EXERCISE DATA below:

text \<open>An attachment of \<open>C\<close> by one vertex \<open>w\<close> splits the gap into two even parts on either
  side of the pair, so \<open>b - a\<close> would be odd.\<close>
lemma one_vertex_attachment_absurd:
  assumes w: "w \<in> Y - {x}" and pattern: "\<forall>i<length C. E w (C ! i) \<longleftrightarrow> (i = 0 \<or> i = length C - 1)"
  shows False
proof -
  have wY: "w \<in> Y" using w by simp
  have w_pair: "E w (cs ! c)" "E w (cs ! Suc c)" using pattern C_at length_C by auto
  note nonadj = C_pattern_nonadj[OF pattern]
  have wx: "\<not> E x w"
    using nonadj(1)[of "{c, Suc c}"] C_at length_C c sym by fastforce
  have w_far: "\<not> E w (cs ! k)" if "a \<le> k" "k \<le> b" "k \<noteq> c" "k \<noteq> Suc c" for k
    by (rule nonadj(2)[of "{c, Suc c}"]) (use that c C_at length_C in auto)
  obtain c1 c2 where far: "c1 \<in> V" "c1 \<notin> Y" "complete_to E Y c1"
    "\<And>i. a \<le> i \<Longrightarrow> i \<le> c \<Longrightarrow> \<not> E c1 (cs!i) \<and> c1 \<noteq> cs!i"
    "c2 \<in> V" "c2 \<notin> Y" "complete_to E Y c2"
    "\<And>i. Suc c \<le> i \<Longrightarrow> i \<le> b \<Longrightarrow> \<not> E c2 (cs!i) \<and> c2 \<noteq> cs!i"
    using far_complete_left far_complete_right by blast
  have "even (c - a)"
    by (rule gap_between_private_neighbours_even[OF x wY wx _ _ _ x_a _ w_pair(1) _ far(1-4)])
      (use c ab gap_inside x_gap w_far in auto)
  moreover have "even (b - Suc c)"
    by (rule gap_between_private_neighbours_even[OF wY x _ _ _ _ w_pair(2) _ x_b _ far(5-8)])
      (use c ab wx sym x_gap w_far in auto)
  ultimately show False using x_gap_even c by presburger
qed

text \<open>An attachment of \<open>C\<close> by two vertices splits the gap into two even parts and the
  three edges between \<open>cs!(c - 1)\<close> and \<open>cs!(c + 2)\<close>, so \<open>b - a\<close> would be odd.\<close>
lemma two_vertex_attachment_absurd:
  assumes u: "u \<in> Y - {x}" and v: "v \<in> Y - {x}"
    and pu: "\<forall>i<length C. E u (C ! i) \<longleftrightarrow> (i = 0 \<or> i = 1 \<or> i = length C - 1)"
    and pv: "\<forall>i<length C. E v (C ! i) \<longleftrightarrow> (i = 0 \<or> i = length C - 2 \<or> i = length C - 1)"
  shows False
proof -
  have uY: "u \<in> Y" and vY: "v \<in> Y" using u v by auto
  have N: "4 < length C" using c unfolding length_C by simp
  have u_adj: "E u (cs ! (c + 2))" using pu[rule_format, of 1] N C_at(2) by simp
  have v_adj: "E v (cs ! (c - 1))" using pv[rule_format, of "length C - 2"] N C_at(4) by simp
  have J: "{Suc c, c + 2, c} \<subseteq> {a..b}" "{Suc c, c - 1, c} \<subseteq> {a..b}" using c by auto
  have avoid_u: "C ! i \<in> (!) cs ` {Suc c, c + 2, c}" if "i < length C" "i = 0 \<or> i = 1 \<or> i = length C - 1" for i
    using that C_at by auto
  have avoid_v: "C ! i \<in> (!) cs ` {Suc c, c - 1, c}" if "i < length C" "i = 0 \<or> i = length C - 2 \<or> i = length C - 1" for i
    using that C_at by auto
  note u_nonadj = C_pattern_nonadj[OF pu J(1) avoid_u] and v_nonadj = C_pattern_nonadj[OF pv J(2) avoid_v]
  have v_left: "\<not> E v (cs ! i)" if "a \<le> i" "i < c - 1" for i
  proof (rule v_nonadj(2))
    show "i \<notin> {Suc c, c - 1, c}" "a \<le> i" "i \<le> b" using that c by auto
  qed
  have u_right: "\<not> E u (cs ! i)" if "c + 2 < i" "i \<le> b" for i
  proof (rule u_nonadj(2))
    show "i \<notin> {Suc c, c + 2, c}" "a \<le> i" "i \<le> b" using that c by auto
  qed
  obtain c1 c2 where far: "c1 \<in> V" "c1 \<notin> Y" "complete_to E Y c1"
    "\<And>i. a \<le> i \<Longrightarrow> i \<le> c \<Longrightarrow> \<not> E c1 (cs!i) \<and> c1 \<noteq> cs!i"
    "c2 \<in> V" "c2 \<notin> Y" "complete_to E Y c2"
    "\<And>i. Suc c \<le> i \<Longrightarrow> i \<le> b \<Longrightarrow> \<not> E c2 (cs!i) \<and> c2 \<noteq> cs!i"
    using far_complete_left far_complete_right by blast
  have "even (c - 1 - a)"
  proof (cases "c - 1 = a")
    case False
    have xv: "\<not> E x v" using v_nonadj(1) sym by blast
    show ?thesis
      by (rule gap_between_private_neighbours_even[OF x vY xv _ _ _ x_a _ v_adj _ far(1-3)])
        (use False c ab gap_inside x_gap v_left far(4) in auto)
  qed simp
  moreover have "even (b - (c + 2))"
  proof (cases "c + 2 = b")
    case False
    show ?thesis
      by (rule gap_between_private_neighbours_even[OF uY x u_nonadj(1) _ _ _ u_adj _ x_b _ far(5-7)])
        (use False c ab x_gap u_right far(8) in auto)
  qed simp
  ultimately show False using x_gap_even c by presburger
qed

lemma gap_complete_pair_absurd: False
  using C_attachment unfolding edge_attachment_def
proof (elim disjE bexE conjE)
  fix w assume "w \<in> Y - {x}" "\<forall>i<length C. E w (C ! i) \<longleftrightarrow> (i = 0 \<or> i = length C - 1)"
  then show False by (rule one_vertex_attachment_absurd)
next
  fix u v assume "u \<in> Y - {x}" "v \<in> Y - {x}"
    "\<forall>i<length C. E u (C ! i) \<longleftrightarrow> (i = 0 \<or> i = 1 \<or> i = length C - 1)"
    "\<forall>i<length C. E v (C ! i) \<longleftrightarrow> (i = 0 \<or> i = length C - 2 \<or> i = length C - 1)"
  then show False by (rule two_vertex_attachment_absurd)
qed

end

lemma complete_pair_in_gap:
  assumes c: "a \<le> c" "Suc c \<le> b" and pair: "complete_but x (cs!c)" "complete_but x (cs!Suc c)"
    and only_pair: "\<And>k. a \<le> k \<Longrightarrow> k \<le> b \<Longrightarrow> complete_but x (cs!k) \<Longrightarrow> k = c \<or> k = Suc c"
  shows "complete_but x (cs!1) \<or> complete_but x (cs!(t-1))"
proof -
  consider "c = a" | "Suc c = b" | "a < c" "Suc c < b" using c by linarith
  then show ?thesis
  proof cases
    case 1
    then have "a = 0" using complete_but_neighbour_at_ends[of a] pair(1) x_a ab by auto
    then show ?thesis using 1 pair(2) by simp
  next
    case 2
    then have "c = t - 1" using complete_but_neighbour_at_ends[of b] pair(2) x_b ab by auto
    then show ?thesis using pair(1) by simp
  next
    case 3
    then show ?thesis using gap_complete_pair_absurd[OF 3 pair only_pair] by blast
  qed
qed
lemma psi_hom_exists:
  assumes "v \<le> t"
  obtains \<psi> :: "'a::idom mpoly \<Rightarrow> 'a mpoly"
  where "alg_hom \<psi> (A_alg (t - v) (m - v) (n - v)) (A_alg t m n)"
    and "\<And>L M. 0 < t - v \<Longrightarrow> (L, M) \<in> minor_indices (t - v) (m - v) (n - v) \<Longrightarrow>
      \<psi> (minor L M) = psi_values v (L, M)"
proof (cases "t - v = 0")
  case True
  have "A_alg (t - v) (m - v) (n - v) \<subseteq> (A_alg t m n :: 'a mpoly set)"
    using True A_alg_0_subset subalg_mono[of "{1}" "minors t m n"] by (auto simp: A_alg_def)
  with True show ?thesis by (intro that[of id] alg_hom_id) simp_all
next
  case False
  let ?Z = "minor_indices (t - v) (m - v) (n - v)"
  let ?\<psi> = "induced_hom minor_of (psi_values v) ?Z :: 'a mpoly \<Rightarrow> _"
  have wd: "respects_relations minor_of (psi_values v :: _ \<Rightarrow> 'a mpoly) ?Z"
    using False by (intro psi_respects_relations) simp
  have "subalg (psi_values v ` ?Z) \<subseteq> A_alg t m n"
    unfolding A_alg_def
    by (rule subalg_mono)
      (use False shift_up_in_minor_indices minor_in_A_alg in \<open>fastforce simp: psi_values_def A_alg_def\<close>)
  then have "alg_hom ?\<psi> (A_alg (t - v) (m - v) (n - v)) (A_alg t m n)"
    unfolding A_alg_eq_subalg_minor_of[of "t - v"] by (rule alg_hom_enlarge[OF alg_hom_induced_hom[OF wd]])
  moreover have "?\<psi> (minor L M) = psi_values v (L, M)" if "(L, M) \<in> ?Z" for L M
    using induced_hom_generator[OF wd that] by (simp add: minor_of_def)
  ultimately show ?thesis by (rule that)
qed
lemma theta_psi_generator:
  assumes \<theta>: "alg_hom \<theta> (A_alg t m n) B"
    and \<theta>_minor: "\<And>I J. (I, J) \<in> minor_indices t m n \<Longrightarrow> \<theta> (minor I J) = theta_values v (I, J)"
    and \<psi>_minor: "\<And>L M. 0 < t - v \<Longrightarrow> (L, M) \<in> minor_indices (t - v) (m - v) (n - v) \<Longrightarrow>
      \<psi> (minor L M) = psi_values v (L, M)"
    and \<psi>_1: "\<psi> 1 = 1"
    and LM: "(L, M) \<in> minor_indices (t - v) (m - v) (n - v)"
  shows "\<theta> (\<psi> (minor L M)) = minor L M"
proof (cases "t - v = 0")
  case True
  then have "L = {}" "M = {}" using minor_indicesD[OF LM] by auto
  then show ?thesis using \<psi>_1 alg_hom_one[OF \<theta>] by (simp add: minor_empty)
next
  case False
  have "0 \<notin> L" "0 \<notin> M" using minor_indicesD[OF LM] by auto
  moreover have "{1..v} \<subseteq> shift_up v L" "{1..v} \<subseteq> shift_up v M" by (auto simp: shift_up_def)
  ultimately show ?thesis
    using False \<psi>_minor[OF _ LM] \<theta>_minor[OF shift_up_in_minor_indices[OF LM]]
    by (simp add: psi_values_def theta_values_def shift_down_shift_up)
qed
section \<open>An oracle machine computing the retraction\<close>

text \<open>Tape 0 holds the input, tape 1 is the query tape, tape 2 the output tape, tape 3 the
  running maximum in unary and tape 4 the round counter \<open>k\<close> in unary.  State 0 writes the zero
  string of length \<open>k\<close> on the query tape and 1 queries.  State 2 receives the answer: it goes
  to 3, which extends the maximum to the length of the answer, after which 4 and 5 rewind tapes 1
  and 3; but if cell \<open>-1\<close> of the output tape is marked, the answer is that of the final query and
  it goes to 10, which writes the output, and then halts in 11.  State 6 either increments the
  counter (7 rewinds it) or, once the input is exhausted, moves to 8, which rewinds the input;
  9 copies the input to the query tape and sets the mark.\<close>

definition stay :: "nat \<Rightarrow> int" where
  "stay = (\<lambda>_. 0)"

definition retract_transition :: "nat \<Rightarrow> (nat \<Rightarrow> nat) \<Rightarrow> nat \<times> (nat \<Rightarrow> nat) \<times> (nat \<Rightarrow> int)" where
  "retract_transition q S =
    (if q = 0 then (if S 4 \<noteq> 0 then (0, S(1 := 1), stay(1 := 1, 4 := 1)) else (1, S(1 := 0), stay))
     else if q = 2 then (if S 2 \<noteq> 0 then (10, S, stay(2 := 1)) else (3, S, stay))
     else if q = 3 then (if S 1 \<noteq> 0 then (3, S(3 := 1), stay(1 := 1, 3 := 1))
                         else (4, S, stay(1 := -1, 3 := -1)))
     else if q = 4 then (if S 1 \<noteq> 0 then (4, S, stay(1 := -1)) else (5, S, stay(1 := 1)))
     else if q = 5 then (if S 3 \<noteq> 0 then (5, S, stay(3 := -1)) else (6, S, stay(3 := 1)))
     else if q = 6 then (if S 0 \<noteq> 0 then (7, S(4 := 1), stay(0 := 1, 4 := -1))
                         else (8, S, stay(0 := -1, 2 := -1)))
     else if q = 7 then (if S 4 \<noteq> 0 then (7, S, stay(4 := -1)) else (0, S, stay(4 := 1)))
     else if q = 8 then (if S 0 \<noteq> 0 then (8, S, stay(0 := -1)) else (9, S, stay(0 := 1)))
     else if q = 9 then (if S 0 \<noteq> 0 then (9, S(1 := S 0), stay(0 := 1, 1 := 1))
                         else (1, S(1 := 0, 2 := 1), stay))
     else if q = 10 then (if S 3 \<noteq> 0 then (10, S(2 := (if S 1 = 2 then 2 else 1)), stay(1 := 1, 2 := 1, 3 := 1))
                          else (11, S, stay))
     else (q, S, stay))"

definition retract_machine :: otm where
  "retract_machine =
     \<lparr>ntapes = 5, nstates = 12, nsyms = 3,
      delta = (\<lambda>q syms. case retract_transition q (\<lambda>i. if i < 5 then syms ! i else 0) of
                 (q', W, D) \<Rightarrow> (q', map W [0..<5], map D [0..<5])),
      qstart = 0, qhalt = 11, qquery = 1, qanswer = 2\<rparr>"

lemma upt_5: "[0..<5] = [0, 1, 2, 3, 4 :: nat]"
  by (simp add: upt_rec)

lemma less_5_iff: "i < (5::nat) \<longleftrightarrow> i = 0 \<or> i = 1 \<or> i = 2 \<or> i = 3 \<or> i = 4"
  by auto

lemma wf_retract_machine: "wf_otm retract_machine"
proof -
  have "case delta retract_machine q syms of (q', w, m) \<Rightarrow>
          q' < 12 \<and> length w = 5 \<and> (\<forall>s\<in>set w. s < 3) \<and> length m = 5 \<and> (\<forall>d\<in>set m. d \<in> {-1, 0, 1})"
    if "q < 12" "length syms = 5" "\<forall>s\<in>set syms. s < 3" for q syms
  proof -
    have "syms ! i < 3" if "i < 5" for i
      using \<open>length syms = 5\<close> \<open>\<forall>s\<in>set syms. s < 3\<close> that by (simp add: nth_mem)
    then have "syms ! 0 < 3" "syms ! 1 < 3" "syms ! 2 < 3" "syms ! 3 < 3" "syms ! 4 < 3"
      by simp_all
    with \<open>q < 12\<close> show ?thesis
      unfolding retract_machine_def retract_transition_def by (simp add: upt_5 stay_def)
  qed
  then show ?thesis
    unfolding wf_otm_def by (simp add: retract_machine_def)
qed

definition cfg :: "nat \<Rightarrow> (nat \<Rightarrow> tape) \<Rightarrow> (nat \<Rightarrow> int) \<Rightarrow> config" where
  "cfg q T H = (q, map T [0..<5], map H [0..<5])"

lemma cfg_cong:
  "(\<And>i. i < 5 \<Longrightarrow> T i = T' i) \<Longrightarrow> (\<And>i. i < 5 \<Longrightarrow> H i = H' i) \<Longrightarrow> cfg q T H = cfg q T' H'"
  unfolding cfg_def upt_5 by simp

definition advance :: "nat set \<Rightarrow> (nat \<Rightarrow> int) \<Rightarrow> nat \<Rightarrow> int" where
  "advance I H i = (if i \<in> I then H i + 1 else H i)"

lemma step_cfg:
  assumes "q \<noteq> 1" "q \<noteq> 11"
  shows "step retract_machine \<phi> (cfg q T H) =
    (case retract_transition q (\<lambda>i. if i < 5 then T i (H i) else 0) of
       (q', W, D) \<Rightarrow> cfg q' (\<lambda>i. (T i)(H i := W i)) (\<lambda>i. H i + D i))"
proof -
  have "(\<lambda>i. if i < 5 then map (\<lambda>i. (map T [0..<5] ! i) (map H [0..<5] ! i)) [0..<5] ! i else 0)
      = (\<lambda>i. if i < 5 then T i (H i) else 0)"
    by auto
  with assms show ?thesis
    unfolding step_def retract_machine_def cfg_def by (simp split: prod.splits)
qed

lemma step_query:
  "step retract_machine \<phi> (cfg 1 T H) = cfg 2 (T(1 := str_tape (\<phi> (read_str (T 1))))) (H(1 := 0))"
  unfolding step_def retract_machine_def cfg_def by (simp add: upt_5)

End of EXERCISE DATA.

_WORK REQUIRED_
From the entries above, write out only the lines starting at the line that holds "by (rule subalg_mono)" and ending at the line that holds "text \<open>Tape 0", keeping both and matching them exactly.

_ANSWER SPACE_
    by (rule subalg_mono)
      (use False shift_up_in_minor_indices minor_in_A_alg in \<open>fastforce simp: psi_values_def A_alg_def\<close>)
  then have "alg_hom ?\<psi> (A_alg (t - v) (m - v) (n - v)) (A_alg t m n)"
    unfolding A_alg_eq_subalg_minor_of[of "t - v"] by (rule alg_hom_enlarge[OF alg_hom_induced_hom[OF wd]])
  moreover have "?\<psi> (minor L M) = psi_values v (L, M)" if "(L, M) \<in> ?Z" for L M
    using induced_hom_generator[OF wd that] by (simp add: minor_of_def)
  ultimately show ?thesis by (rule that)
qed
lemma theta_psi_generator:
  assumes \<theta>: "alg_hom \<theta> (A_alg t m n) B"
    and \<theta>_minor: "\<And>I J. (I, J) \<in> minor_indices t m n \<Longrightarrow> \<theta> (minor I J) = theta_values v (I, J)"
    and \<psi>_minor: "\<And>L M. 0 < t - v \<Longrightarrow> (L, M) \<in> minor_indices (t - v) (m - v) (n - v) \<Longrightarrow>
      \<psi> (minor L M) = psi_values v (L, M)"
    and \<psi>_1: "\<psi> 1 = 1"
    and LM: "(L, M) \<in> minor_indices (t - v) (m - v) (n - v)"
  shows "\<theta> (\<psi> (minor L M)) = minor L M"
proof (cases "t - v = 0")
  case True
  then have "L = {}" "M = {}" using minor_indicesD[OF LM] by auto
  then show ?thesis using \<psi>_1 alg_hom_one[OF \<theta>] by (simp add: minor_empty)
next
  case False
  have "0 \<notin> L" "0 \<notin> M" using minor_indicesD[OF LM] by auto
  moreover have "{1..v} \<subseteq> shift_up v L" "{1..v} \<subseteq> shift_up v M" by (auto simp: shift_up_def)
  ultimately show ?thesis
    using False \<psi>_minor[OF _ LM] \<theta>_minor[OF shift_up_in_minor_indices[OF LM]]
    by (simp add: psi_values_def theta_values_def shift_down_shift_up)
qed
section \<open>An oracle machine computing the retraction\<close>

text \<open>Tape 0 holds the input, tape 1 is the query tape, tape 2 the output tape, tape 3 the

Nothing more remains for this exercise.